Life on the streets is dangerous, and she sought protection in companionship, she said. Most recently, she has been caught in another relationship.

“We have a little camp over there, where we’ve been staying for the last three months. But like I said, he’s abusive, and… can’t take it.”

She’s on the run from this man.

“He’s a Vietnam War veteran, and he should be on top of his business, getting his VA straightened out. He’s a procrastinator. He’s a talker, oh I’m gonna do this, I’m gonna do that, I’m gonna do that, but he starts drinking and nothing gets done.

He’s okay until he starts drinking. And then once he gets that three or four beers in him… and God forbids if he gets a hold of some whiskey. That’s it. He goes from Mr. Nice, Wonderful to Mr. Horrible Devil. Just like that. That Jekyl and Hyde thing. That’s exactly what he’s like. He doesn’t even see it. And within the next morning, he’s fine.”

She’s had a case manager since September of 2015, and they’re working together on her situation. After working on her housing since February, they’ve finally secured a residence at Community First! Village, a community run by Mobile Loaves and Fishes that provides affordable housing options to the chronically homeless.
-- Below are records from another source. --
lemma expectation_accept_prob_diff_le:
  assumes \<Omega>: "finite \<Omega>" "\<Omega> \<noteq> {}" and B: "finite B" "flip_closed B" "state_norm B init_state = 1"
    and U: "\<forall>U\<in>set Us. unitary_on B U" and len: "length Us = q + 1"
    and few: "\<forall>z\<in>B. real (card {\<omega>\<in>\<Omega>. oracles_differ_at (F \<omega>) G z}) \<le> p * real (card \<Omega>)"
  shows "\<bar>measure_pmf.expectation (pmf_of_set \<Omega>) (\<lambda>\<omega>. accept_prob B (F \<omega>) Us) - accept_prob B G Us\<bar>
     \<le> 4 * real q * sqrt p"
proof -
  define N where "N = real (card \<Omega>)"
  have N: "N > 0"
    unfolding N_def using \<Omega> by (simp add: card_gt_0_iff)
  define L where "L = query_states B G Us init_state"
  define \<delta> where "\<delta> \<omega> st = state_norm B (\<lambda>z. oracle_op (F \<omega>) st z - oracle_op G st z)" for \<omega> st
  have each: "\<bar>accept_prob B (F \<omega>) Us - accept_prob B G Us\<bar> \<le> 2 * (\<Sum>st\<leftarrow>L. \<delta> \<omega> st)" for \<omega>
    unfolding \<delta>_def L_def by (rule accept_prob_diff_le_query_states[OF U B])
  have "\<bar>measure_pmf.expectation (pmf_of_set \<Omega>) (\<lambda>\<omega>. accept_prob B (F \<omega>) Us) - accept_prob B G Us\<bar>
      = \<bar>\<Sum>\<omega>\<in>\<Omega>. accept_prob B (F \<omega>) Us - accept_prob B G Us\<bar> / N"
    using \<Omega> N unfolding N_def by (simp add: integral_pmf_of_set sum_subtractf field_simps)
  also have "\<dots> \<le> (\<Sum>\<omega>\<in>\<Omega>. 2 * (\<Sum>st\<leftarrow>L. \<delta> \<omega> st)) / N"
    using N each by (intro divide_right_mono order_trans[OF sum_abs sum_mono]) auto
  also have "(\<Sum>\<omega>\<in>\<Omega>. 2 * (\<Sum>st\<leftarrow>L. \<delta> \<omega> st)) = 2 * (\<Sum>st\<leftarrow>L. \<Sum>\<omega>\<in>\<Omega>. \<delta> \<omega> st)"
    by (induction L) (simp_all add: sum.distrib sum_distrib_left)
  also have "(\<Sum>st\<leftarrow>L. \<Sum>\<omega>\<in>\<Omega>. \<delta> \<omega> st) \<le> (\<Sum>st\<leftarrow>L. 2 * N * sqrt p)"
    using sum_state_norm_oracle_op_diff_le[OF \<Omega>(1) B(2) _ few]
      state_norm_query_states[OF U B(1,2)] B(3)
    unfolding \<delta>_def L_def N_def by (intro sum_list_mono) auto
  also have "(\<Sum>st\<leftarrow>L. 2 * N * sqrt p) = real q * (2 * N * sqrt p)"
    unfolding L_def by (simp add: sum_list_triv length_query_states len)
  finally show ?thesis
    using N by (simp add: field_simps)
qed

section \<open>The two oracle distributions\<close>

lemma finite_qbasis: "finite (qbasis n m l W)"
proof -
  have "qbasis n m l W \<subseteq> ({..<m} \<times> {1..l+1}) \<times> Z2vecs n \<times> (UNIV :: bool set) \<times> {..<W}"
    unfolding qbasis_def by auto
  then show ?thesis
    using finite_Z2vecs finite_subset by fastforce
qed

lemma flip_closed_qbasis: "flip_closed (qbasis n m l W)"
  unfolding flip_closed_def qbasis_def answer_flip_def by auto

lemma state_norm_init_state:
  assumes "1 \<le> m" "1 \<le> W"
  shows "state_norm (qbasis n m l W) init_state = 1"
proof -
  have "((0, 1), 0, False, 0) \<in> qbasis n m l W"
    using assms unfolding qbasis_def Z2vecs_def by auto
  then have "(\<Sum>z\<in>qbasis n m l W. (cmod (init_state z))\<^sup>2)
      = (\<Sum>z\<in>qbasis n m l W. if z = ((0, 1), 0, False, 0) then 1 else 0)"
    unfolding init_state_def by (intro sum.cong refl) auto
  also have "\<dots> = 1"
    using \<open>((0, 1), 0, False, 0) \<in> qbasis n m l W\<close> finite_qbasis by simp
  finally have "(\<Sum>z\<in>qbasis n m l W. (cmod (init_state z))\<^sup>2) = 1" .
  then show ?thesis
    unfolding state_norm_def L2_set_def by simp
qed

context subspace_chain
begin

lemma card_oracles_differ_at_le:
  assumes \<Omega>: "finite \<Omega>" "\<forall>i<m. \<forall>\<omega>\<in>\<Omega>. \<tau> i \<omega> \<in> indep_tuples n S l s"
    and inv: "\<forall>i<m. invariant_under_fixing_involutions n (S (l + 1)) \<Omega> (\<tau> i)"
  shows "\<forall>z\<in>qbasis n m l W. real (card {\<omega>\<in>\<Omega>.
     oracles_differ_at (\<lambda>(i, j) x. x \<in> Tsp S (\<tau> i \<omega>) j) (\<lambda>(i, j) x. x \<in> S j) z})
       \<le> 2 / 2 ^ (n - r - s - l) * real (card \<Omega>)"
proof
  fix z assume "z \<in> qbasis n m l W"
  then obtain i j x b w where z: "z = ((i, j), x, b, w)" "i < m" "j \<in> {1..l + 1}" "x \<in> Z2vecs n"
    unfolding qbasis_def by auto
  then show "real (card {\<omega>\<in>\<Omega>. oracles_differ_at (\<lambda>(i, j) x. x \<in> Tsp S (\<tau> i \<omega>) j)
      (\<lambda>(i, j) x. x \<in> S j) z}) \<le> 2 / 2 ^ (n - r - s - l) * real (card \<Omega>)"
    using card_Tsp_ne_S_le[of \<Omega> "\<tau> i"] \<Omega> inv by (simp add: oracles_differ_at_def)
qed

lemma prob_copies_close:
  assumes "1 \<le> m" "1 \<le> W" "length Us = q + 1" "\<forall>U\<in>set Us. unitary_on (qbasis n m l W) U"
  shows "\<bar>prob_copies n m l s W S Us - accept_prob (qbasis n m l W) (\<lambda>(i, j) x. x \<in> S j) Us\<bar>
           \<le> 4 * real q * sqrt (2 / 2 ^ (n - r - s - l))"
  unfolding prob_copies_def
proof (rule expectation_accept_prob_diff_le)
  show "indep_tuples n S l s \<noteq> {}"
    using subspace_S S_subset_Z2vecs dim_top dims_le by (intro indep_tuples_nonempty) auto
  show "\<forall>z\<in>qbasis n m l W. real (card {vs\<in>indep_tuples n S l s.
     oracles_differ_at (\<lambda>(i, j) x. x \<in> Tsp S vs j) (\<lambda>(i, j) x. x \<in> S j) z})
       \<le> 2 / 2 ^ (n - r - s - l) * real (card (indep_tuples n S l s))"
    by (rule card_oracles_differ_at_le) (use finite_indep_tuples invariant_indep_tuples in blast)+
qed (use assms in \<open>simp_all add: finite_indep_tuples finite_qbasis flip_closed_qbasis
      state_norm_init_state\<close>)

lemma prob_indep_close:
  assumes "1 \<le> m" "1 \<le> W" "length Us = q + 1" "\<forall>U\<in>set Us. unitary_on (qbasis n m l W) U"
  shows "\<bar>prob_indep n m l s W S Us - accept_prob (qbasis n m l W) (\<lambda>(i, j) x. x \<in> S j) Us\<bar>
           \<le> 4 * real q * sqrt (2 / 2 ^ (n - r - s - l))"
  unfolding prob_indep_def
proof (rule expectation_accept_prob_diff_le)
  let ?\<Omega> = "{vss. length vss = m \<and> set vss \<subseteq> indep_tuples n S l s}"
  show "finite ?\<Omega>"
    using finite_lists_length_eq[OF finite_indep_tuples] by (simp add: conj_commute)
  obtain vs where "vs \<in> indep_tuples n S l s"
    using subspace_S S_subset_Z2vecs dim_top dims_le indep_tuples_nonempty by fastforce
  then have "replicate m vs \<in> ?\<Omega>"
    by (auto simp: set_replicate_conv_if)
  then show "?\<Omega> \<noteq> {}" by blast
  show "\<forall>z\<in>qbasis n m l W. real (card {vss\<in>?\<Omega>.
     oracles_differ_at (\<lambda>(i, j) x. x \<in> Tsp S (vss ! i) j) (\<lambda>(i, j) x. x \<in> S j) z})
       \<le> 2 / 2 ^ (n - r - s - l) * real (card ?\<Omega>)"
    by (rule card_oracles_differ_at_le)
      (use \<open>finite ?\<Omega>\<close> invariant_indep_tuple_lists in auto)
qed (use assms in \<open>simp_all add: finite_qbasis flip_closed_qbasis state_norm_init_state\<close>)

end

theorem mainTheorem4:
  shows "\<exists>C::real. \<forall>(n::nat) (r::nat) (s::nat) (l::nat) (m::nat) (q::nat) (W::nat)
      (S :: nat \<Rightarrow> (nat \<Rightarrow> bit) set) (Us :: (label \<Rightarrow> label \<Rightarrow> complex) list).
    0 < n \<longrightarrow> 0 < r \<longrightarrow> 0 < s \<longrightarrow> 0 < l \<longrightarrow> r + s + l \<le> n \<longrightarrow>
    (\<forall>j\<in>{1..l+1}. z2.subspace (S j) \<and> S j \<subseteq> Z2vecs n \<and> z2.dim (S j) = r + j - 1) \<longrightarrow>
    (\<forall>j\<in>{1..l}. S j \<subseteq> S (j + 1)) \<longrightarrow>
    1 \<le> m \<longrightarrow> 1 \<le> W \<longrightarrow>
    length Us = q + 1 \<longrightarrow> (\<forall>U\<in>set Us. unitary_on (qbasis n m l W) U) \<longrightarrow>
    \<bar>prob_indep n m l s W S Us - prob_copies n m l s W S Us\<bar>
      \<le> C * (real q * real l * real m * real s) / sqrt (2 ^ (n - r - s - l))"
proof (intro exI[of _ "8 * sqrt 2"] allI impI)
  fix n r s l m q W :: nat and S :: "nat \<Rightarrow> (nat \<Rightarrow> bit) set"
    and Us :: "(label \<Rightarrow> label \<Rightarrow> complex) list"
  assume "0 < n" "0 < r" "0 < s" "0 < l" "r + s + l \<le> n"
    and "\<forall>j\<in>{1..l+1}. z2.subspace (S j) \<and> S j \<subseteq> Z2vecs n \<and> z2.dim (S j) = r + j - 1"
    and "\<forall>j\<in>{1..l}. S j \<subseteq> S (j + 1)" and run: "1 \<le> m" "1 \<le> W" "length Us = q + 1"
      "\<forall>U\<in>set Us. unitary_on (qbasis n m l W) U"
  then interpret subspace_chain n r s l S
    by unfold_locales auto
  have "\<bar>prob_indep n m l s W S Us - prob_copies n m l s W S Us\<bar>
      \<le> 2 * (4 * real q * sqrt (2 / 2 ^ (n - r - s - l)))"
    using prob_indep_close[OF run] prob_copies_close[OF run] by linarith
  also have "\<dots> = 8 * sqrt 2 * real q / sqrt (2 ^ (n - r - s - l))"
    by (simp add: real_sqrt_divide)
  also have "\<dots> \<le> 8 * sqrt 2 * (real q * real l * real m * real s) / sqrt (2 ^ (n - r - s - l))"
  proof -
    have "1 \<le> l * m * s"
      using \<open>0 < l\<close> \<open>0 < s\<close> \<open>1 \<le> m\<close> by simp
    then have "real q * 1 \<le> real q * (real l * real m * real s)"
      by (intro mult_left_mono) (simp_all flip: of_nat_mult)
    then show ?thesis
      by (intro divide_right_mono mult_left_mono) (simp_all add: mult.assoc)
  qed
  finally show "\<bar>prob_indep n m l s W S Us - prob_copies n m l s W S Us\<bar>
      \<le> 8 * sqrt 2 * (real q * real l * real m * real s) / sqrt (2 ^ (n - r - s - l))" .
qed

end
(* Let $\mathcal{V}$ be a variety of algebras, $\mathcal{C}$ a full subcategory of the category of finitely generated free $\mathcal{V}$-algebras containing the free monogenic algebra $A_0$ on $x_0$, and $\Phi$ an automorphism of $\mathcal{C}$ with main function $(s^\Phi_A)$. Then there exists an element $\mathbf{t}(x_0)\in A_0$ (a term in the single variable $x_0$) such that for every $\mathcal{C}$-algebra $A$, $$s^\Phi_A(|A|)=\{\mathbf{t}(u)\mid u\in|\Phi(A)|\}.$$
   Context: Morphisms of $\mathcal{C}$ are all homomorphisms. For $a\in A$, $\alpha^A_a:A_0\to A$ is the homomorphism with $x_0\mapsto a$, and for $\mathbf{t}(x_0)\in A_0$ and $u$ in an algebra $B$, $\mathbf{t}(u):=\alpha^B_u(\mathbf{t}(x_0))$. Let $\eta^\Phi_0:\Phi^{-1}(A_0)\to A_0$ be the homomorphism sending every element of a fixed basis of $\Phi^{-1}(A_0)$ to $x_0$ (the identity if $\Phi(A_0)=A_0$), and $\eta^\Phi=\Phi(\eta^\Phi_0):A_0\to\Phi(A_0)$. The main function is $s^\Phi_A:|A|\to|\Phi(A)|$, $s^\Phi_A(a)=\Phi(\alpha^A_a)(\eta^\Phi(x_0))$. *)

theory Defs
  imports Main
begin

record ('a, 'f) alg =
  car :: "'a set"
  ops :: "'f \<Rightarrow> 'a list \<Rightarrow> 'a"

definition is_alg :: "('f \<Rightarrow> nat) \<Rightarrow> ('a, 'f) alg \<Rightarrow> bool" where
  "is_alg ar A \<longleftrightarrow>
     (\<forall>f xs. length xs = ar f \<and> set xs \<subseteq> car A \<longrightarrow> ops A f xs \<in> car A)"

datatype ('f, 'v) trm = Var 'v | App 'f "('f, 'v) trm list"

fun wf_trm :: "('f \<Rightarrow> nat) \<Rightarrow> ('f, 'v) trm \<Rightarrow> bool" where
  "wf_trm ar (Var v) = True"
| "wf_trm ar (App f ts) = (length ts = ar f \<and> (\<forall>t\<in>set ts. wf_trm ar t))"

fun vars :: "('f, 'v) trm \<Rightarrow> 'v set" where
  "vars (Var v) = {v}"
| "vars (App f ts) = (\<Union>t\<in>set ts. vars t)"

fun eval :: "('a, 'f) alg \<Rightarrow> ('v \<Rightarrow> 'a) \<Rightarrow> ('f, 'v) trm \<Rightarrow> 'a" where
  "eval A \<rho> (Var v) = \<rho> v"
| "eval A \<rho> (App f ts) = ops A f (map (eval A \<rho>) ts)"

fun subst :: "('v \<Rightarrow> ('f, 'w) trm) \<Rightarrow> ('f, 'v) trm \<Rightarrow> ('f, 'w) trm" where
  "subst \<sigma> (Var v) = \<sigma> v"
| "subst \<sigma> (App f ts) = App f (map (subst \<sigma>) ts)"

text \<open>A variety is given by a signature ar and a set E of identities (pairs of
  well-formed terms in the variables nat); its members are the models of E.\<close>

definition wf_eqns :: "('f \<Rightarrow> nat) \<Rightarrow> (('f, nat) trm \<times> ('f, nat) trm) set \<Rightarrow> bool" where
  "wf_eqns ar E \<longleftrightarrow> (\<forall>(l, r)\<in>E. wf_trm ar l \<and> wf_trm ar r)"

definition models :: "('f \<Rightarrow> nat) \<Rightarrow> (('f, nat) trm \<times> ('f, nat) trm) set \<Rightarrow> ('a, 'f) alg \<Rightarrow> bool" where
  "models ar E A \<longleftrightarrow> is_alg ar A \<and>
     (\<forall>(l, r)\<in>E. \<forall>\<rho>. (\<forall>v. \<rho> v \<in> car A) \<longrightarrow> eval A \<rho> l = eval A \<rho> r)"

inductive derivable :: "('f \<Rightarrow> nat) \<Rightarrow> (('f, nat) trm \<times> ('f, nat) trm) set
    \<Rightarrow> ('f, 'v) trm \<Rightarrow> ('f, 'v) trm \<Rightarrow> bool"
  for ar E where
  drefl: "wf_trm ar t \<Longrightarrow> derivable ar E t t"
| dsym: "derivable ar E s t \<Longrightarrow> derivable ar E t s"
| dtrans: "derivable ar E s t \<Longrightarrow> derivable ar E t u \<Longrightarrow> derivable ar E s u"
| dcong: "length ss = ar f \<Longrightarrow> list_all2 (derivable ar E) ss ts
            \<Longrightarrow> derivable ar E (App f ss) (App f ts)"
| dinst: "(l, r) \<in> E \<Longrightarrow> (\<forall>v. wf_trm ar (\<sigma> v))
            \<Longrightarrow> derivable ar E (subst \<sigma> l) (subst \<sigma> r)"

text \<open>A is a free algebra of the variety on the basis X: A lies in the variety,
  X generates A, and two terms over X take the same value in A (variables
  interpreted as themselves) only if they are equal in the variety, i.e. A is the
  relatively free algebra T(X)/(identities of the variety) with X as free generators.\<close>

definition free_on :: "('f \<Rightarrow> nat) \<Rightarrow> (('f, nat) trm \<times> ('f, nat) trm) set
    \<Rightarrow> ('a, 'f) alg \<Rightarrow> 'a set \<Rightarrow> bool" where
  "free_on ar E A X \<longleftrightarrow> models ar E A \<and> X \<subseteq> car A \<and>
     (\<forall>a\<in>car A. \<exists>p. wf_trm ar p \<and> vars p \<subseteq> X \<and> eval A (\<lambda>x. x) p = a) \<and>
     (\<forall>p q. wf_trm ar p \<and> wf_trm ar q \<and> vars p \<subseteq> X \<and> vars q \<subseteq> X \<and>
        eval A (\<lambda>x. x) p = eval A (\<lambda>x. x) q \<longrightarrow> derivable ar E p q)"

definition fg_free :: "('f \<Rightarrow> nat) \<Rightarrow> (('f, nat) trm \<times> ('f, nat) trm) set
    \<Rightarrow> ('a, 'f) alg \<Rightarrow> bool" where
  "fg_free ar E A \<longleftrightarrow> (\<exists>X. finite X \<and> free_on ar E A X)"

definition hom :: "('f \<Rightarrow> nat) \<Rightarrow> ('a, 'f) alg \<Rightarrow> ('a, 'f) alg \<Rightarrow> ('a \<Rightarrow> 'a) \<Rightarrow> bool" where
  "hom ar A B h \<longleftrightarrow> (\<forall>x\<in>car A. h x \<in> car B) \<and> (\<forall>x. x \<notin> car A \<longrightarrow> h x = undefined) \<and>
     (\<forall>f xs. length xs = ar f \<and> set xs \<subseteq> car A \<longrightarrow> h (ops A f xs) = ops B f (map h xs))"

definition idm :: "('a, 'f) alg \<Rightarrow> 'a \<Rightarrow> 'a" where
  "idm A = (\<lambda>x. if x \<in> car A then x else undefined)"

definition cmp :: "('a, 'f) alg \<Rightarrow> ('a \<Rightarrow> 'a) \<Rightarrow> ('a \<Rightarrow> 'a) \<Rightarrow> 'a \<Rightarrow> 'a" where
  "cmp A g f = (\<lambda>x. if x \<in> car A then g (f x) else undefined)"

definition is_functor :: "('f \<Rightarrow> nat) \<Rightarrow> ('a, 'f) alg set
    \<Rightarrow> (('a, 'f) alg \<Rightarrow> ('a, 'f) alg)
    \<Rightarrow> (('a, 'f) alg \<Rightarrow> ('a, 'f) alg \<Rightarrow> ('a \<Rightarrow> 'a) \<Rightarrow> ('a \<Rightarrow> 'a)) \<Rightarrow> bool" where
  "is_functor ar C FO FM \<longleftrightarrow>
     (\<forall>A\<in>C. FO A \<in> C) \<and>
     (\<forall>A\<in>C. \<forall>B\<in>C. \<forall>h. hom ar A B h \<longrightarrow> hom ar (FO A) (FO B) (FM A B h)) \<and>
     (\<forall>A\<in>C. FM A A (idm A) = idm (FO A)) \<and>
     (\<forall>A\<in>C. \<forall>B\<in>C. \<forall>D\<in>C. \<forall>f g. hom ar A B f \<and> hom ar B D g \<longrightarrow>
        FM A D (cmp A g f) = cmp (FO A) (FM B D g) (FM A B f))"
She’s excited beyond belief, but stuck in a living hell until she she can move in.

“I’m getting ready to move into my little microhouse. I got two weeks. But I can’t take any more abuse from this man. The closer it gets to my time to leave, the worse it’s getting. He beat me in the head five times the other night. And threatened to kill my dog. Just can’t take it.”

She’s fleeing, fighting the temptation to go back to her camp—a familiar place to sleep, with the relative protection of her man, and where many of her belongings remain—and risk being abused.

“I’ve got Bandit, that’s all I have to stay. We did good yesterday, didn’t go back. But I don’t know what to do.”

(She starts crying.)

“So it’s just me and [Bandit] right now, so I’m just scared, you know what I’m saying? I don’t want to go back. But I’m afraid to be out here by myself, it’s just… I’m frightened.”

It’s so unsafe, huge, in the open—without a safe space.

“Somebody gave me a sleeping bag, and a blanket, and I’ve got it stashed, I’ve got a good coat stashed. And so I’m trying to find a safe place, as safe as I can, to sleep. We just slept on the road last night, in a field. Thank God, God looked over me.”

She’s struggling to hang on.

“I’m ALMOST there, almost there. If I can just get in there, [into my microhouse], I’ll be okay. Get back to work, and try to rebuild my life.”

 

***

She apologizes and says she has to go, tears still pooling in her large eyes. I hug her one last time.

 

***

I imagine my room. It’s a comfortable space, jutted with white-paint furniture and smoothed with fiber carpet. I try to imagine being dropped into the Austin night, finding a legal place to sleep. A sidewalk here, Zilker Park there (off limits, illegal to loiter). I’d have to hide; I try to, and can’t, imagine being raped and beaten. And that’s that. That’s a reality of suffering.